• Problem to solve: Which lines of the entries below contain the string "lambda"? Copy each one.

□ □ □ □ □ □ □

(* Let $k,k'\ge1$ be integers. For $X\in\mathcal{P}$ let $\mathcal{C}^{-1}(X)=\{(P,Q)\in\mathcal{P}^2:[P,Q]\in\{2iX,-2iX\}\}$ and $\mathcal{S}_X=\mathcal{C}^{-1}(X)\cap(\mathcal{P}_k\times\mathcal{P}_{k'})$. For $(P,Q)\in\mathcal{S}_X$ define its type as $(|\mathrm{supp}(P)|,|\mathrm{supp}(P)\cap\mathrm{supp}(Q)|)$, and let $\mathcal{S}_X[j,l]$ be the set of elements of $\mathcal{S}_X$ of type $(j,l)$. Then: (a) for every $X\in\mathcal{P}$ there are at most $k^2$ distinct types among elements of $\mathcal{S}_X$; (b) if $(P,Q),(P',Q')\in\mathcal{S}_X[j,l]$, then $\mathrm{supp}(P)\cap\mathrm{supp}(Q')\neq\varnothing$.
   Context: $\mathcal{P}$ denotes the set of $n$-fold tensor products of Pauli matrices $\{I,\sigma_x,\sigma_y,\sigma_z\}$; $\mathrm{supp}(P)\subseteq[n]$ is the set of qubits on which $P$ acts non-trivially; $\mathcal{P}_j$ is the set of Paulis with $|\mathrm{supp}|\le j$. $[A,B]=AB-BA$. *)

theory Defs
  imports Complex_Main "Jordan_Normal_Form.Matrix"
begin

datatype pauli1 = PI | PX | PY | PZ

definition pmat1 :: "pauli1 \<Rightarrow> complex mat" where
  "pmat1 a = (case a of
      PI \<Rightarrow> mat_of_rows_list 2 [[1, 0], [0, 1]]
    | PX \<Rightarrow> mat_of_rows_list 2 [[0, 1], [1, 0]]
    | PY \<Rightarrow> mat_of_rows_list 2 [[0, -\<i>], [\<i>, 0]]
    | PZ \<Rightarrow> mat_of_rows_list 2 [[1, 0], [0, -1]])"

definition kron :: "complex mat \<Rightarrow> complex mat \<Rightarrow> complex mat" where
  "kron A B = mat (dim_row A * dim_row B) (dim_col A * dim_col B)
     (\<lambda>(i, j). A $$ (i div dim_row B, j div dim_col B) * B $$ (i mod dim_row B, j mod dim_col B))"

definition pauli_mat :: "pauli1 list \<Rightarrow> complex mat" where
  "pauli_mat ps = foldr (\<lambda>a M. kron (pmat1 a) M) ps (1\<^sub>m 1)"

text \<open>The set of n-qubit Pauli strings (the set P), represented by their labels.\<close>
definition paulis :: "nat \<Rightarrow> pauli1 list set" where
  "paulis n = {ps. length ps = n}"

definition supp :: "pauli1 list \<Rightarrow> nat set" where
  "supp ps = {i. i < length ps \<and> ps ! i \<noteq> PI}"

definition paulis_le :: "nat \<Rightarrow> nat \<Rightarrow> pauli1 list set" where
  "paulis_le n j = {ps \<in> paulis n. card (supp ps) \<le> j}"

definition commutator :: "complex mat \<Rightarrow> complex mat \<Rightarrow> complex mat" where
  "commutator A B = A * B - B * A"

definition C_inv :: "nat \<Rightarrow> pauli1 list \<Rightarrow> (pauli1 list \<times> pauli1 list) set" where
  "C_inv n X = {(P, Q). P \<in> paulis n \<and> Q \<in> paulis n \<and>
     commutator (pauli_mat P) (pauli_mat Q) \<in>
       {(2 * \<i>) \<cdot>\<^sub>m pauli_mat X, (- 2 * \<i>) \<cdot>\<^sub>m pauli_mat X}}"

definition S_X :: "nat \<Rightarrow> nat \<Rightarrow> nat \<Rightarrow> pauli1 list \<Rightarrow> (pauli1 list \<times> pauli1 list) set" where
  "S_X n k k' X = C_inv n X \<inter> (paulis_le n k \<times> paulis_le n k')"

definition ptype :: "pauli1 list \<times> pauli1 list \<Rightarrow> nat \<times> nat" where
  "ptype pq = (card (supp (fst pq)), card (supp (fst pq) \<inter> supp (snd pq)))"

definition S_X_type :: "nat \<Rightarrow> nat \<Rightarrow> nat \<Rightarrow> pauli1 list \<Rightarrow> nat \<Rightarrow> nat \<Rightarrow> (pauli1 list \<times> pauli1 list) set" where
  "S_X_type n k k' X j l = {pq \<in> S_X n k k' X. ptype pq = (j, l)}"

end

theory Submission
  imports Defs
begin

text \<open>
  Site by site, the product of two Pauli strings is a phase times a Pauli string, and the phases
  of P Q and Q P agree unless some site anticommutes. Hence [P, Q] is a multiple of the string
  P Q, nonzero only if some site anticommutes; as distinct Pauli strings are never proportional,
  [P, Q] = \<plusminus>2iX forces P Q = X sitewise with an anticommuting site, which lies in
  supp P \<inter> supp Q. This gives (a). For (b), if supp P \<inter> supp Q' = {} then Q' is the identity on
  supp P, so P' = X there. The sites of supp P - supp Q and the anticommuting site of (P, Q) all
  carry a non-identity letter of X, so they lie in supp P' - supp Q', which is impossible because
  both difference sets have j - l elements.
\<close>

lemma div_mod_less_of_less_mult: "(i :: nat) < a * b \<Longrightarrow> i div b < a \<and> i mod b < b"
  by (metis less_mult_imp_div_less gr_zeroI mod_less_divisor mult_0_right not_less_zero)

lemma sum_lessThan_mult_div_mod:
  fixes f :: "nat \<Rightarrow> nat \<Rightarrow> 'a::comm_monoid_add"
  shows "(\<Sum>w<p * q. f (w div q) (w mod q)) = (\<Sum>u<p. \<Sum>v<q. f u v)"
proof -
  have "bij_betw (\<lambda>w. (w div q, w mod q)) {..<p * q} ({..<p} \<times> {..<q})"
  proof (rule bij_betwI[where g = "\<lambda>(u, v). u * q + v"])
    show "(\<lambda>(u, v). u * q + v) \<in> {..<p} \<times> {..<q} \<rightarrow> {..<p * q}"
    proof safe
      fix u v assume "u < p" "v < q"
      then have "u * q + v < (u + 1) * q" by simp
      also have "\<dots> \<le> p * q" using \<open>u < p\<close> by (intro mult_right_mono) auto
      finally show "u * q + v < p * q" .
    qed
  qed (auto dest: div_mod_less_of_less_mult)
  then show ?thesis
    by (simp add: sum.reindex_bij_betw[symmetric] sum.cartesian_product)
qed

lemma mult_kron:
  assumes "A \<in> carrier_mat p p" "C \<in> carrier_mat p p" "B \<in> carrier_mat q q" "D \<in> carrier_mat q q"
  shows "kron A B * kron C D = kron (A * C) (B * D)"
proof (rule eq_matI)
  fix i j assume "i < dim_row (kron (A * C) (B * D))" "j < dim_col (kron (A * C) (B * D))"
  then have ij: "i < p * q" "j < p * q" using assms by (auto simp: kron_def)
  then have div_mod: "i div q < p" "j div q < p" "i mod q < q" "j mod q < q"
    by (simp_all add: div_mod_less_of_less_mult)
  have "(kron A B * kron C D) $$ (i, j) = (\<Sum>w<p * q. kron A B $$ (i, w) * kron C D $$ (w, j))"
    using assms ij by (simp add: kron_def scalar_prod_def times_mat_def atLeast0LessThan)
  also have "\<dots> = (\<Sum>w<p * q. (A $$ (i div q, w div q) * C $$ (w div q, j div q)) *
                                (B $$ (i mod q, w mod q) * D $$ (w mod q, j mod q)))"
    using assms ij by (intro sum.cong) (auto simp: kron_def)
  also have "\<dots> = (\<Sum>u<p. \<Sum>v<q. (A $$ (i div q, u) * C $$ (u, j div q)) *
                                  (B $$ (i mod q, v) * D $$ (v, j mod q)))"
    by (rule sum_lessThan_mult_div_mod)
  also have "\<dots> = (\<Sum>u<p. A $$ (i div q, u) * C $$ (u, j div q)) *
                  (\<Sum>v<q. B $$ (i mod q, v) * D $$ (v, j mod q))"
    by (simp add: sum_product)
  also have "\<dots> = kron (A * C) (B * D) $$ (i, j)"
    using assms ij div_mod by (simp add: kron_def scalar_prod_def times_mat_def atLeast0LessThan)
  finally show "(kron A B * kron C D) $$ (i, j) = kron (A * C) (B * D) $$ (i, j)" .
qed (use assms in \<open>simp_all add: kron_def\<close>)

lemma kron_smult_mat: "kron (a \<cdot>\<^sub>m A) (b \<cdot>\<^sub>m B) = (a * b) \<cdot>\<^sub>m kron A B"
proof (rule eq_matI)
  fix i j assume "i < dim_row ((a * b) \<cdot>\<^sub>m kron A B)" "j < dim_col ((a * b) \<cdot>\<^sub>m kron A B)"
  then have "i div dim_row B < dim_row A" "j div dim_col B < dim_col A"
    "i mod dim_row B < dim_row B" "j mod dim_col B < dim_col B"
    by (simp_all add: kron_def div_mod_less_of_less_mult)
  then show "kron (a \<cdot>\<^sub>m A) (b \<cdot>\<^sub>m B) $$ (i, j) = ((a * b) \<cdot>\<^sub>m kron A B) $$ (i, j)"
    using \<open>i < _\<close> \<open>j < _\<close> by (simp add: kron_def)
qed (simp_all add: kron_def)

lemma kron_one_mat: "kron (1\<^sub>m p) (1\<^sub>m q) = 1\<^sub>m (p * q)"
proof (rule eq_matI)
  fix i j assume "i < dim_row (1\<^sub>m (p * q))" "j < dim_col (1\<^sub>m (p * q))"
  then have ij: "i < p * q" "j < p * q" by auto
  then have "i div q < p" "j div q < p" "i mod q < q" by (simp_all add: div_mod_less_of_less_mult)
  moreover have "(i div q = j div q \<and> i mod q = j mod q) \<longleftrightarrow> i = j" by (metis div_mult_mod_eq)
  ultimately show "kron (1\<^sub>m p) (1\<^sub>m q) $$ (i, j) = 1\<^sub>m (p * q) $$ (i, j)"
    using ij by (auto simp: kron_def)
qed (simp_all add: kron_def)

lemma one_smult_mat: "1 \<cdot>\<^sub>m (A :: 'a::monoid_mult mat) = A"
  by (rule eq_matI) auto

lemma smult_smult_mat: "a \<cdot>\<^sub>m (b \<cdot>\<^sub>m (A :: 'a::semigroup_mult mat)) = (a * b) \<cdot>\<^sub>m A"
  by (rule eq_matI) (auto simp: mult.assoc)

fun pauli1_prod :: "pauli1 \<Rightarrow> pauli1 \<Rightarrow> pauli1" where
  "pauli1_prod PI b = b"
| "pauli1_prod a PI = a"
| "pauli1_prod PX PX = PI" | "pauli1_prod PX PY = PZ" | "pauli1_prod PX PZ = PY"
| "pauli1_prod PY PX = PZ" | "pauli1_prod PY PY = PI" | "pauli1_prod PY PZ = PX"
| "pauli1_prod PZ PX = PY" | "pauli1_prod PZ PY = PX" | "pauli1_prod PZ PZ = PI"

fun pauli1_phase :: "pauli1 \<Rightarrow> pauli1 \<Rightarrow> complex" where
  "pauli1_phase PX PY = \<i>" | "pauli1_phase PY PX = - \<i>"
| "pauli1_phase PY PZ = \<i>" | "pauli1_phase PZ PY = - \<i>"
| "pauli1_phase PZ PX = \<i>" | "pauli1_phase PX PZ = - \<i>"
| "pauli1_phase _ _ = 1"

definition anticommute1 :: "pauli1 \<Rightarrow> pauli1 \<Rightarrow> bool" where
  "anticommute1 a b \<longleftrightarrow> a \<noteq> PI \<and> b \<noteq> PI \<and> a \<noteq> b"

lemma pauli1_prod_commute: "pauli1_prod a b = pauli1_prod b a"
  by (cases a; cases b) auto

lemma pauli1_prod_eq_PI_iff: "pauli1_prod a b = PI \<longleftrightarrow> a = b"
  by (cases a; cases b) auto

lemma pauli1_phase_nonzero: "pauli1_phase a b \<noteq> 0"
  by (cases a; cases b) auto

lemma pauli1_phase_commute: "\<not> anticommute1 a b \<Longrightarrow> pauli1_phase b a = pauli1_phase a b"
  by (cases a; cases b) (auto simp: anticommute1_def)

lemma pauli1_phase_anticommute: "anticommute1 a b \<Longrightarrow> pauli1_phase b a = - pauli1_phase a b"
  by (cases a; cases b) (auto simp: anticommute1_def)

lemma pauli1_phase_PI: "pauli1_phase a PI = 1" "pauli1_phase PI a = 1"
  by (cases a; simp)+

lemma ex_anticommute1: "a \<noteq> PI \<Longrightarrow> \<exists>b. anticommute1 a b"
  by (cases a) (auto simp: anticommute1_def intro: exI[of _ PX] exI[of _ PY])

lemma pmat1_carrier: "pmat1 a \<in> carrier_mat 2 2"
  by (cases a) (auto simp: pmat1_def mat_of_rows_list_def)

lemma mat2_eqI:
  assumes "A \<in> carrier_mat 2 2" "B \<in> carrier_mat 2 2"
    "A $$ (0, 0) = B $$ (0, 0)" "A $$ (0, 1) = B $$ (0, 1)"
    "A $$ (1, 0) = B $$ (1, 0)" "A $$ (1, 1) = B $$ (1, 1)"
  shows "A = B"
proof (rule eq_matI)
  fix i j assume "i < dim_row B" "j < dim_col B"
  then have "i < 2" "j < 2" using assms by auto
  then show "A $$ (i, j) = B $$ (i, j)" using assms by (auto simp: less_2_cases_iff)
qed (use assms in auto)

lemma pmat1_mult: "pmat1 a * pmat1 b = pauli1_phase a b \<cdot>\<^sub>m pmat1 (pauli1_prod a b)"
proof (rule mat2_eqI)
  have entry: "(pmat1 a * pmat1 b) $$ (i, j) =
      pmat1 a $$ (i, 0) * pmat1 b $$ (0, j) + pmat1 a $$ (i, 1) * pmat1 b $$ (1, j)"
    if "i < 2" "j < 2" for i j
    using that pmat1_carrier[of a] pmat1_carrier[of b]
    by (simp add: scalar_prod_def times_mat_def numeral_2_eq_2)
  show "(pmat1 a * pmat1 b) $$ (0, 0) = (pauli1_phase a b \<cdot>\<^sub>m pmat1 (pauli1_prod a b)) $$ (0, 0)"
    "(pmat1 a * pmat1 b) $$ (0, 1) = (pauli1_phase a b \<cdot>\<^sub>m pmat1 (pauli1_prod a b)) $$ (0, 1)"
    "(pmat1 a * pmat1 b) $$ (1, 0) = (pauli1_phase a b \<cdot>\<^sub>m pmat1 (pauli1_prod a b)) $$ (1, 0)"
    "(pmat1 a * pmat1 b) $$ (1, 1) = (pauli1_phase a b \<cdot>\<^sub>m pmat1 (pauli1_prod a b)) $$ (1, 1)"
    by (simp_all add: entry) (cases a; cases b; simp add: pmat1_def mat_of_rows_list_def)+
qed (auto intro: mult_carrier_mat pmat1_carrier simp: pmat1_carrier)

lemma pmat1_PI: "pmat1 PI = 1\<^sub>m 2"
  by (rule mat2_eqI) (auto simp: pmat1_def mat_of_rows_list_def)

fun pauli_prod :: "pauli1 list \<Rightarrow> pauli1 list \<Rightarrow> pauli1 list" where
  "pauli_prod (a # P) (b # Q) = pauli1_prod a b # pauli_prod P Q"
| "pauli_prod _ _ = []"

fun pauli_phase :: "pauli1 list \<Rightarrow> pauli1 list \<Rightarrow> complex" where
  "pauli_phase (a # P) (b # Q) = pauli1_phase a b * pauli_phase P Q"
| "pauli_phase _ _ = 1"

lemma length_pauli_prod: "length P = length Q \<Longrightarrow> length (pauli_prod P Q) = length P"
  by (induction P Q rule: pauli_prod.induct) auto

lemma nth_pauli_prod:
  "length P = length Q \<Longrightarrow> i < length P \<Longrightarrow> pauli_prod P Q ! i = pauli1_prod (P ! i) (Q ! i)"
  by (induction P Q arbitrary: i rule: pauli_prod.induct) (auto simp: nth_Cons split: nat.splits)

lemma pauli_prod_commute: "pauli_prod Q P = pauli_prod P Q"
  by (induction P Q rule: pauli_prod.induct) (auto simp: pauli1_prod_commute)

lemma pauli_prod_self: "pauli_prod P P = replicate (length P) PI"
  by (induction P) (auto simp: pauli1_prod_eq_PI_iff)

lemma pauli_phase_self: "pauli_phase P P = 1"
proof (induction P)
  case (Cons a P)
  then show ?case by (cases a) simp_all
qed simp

□ □ □ □ □ □ □

• Output for this exercise:
     (\<lambda>(i, j). A $$ (i div dim_row B, j div dim_col B) * B $$ (i mod dim_row B, j mod dim_col B))"
  "pauli_mat ps = foldr (\<lambda>a M. kron (pmat1 a) M) ps (1\<^sub>m 1)"
  have "bij_betw (\<lambda>w. (w div q, w mod q)) {..<p * q} ({..<p} \<times> {..<q})"
  proof (rule bij_betwI[where g = "\<lambda>(u, v). u * q + v"])
    show "(\<lambda>(u, v). u * q + v) \<in> {..<p} \<times> {..<q} \<rightarrow> {..<p * q}"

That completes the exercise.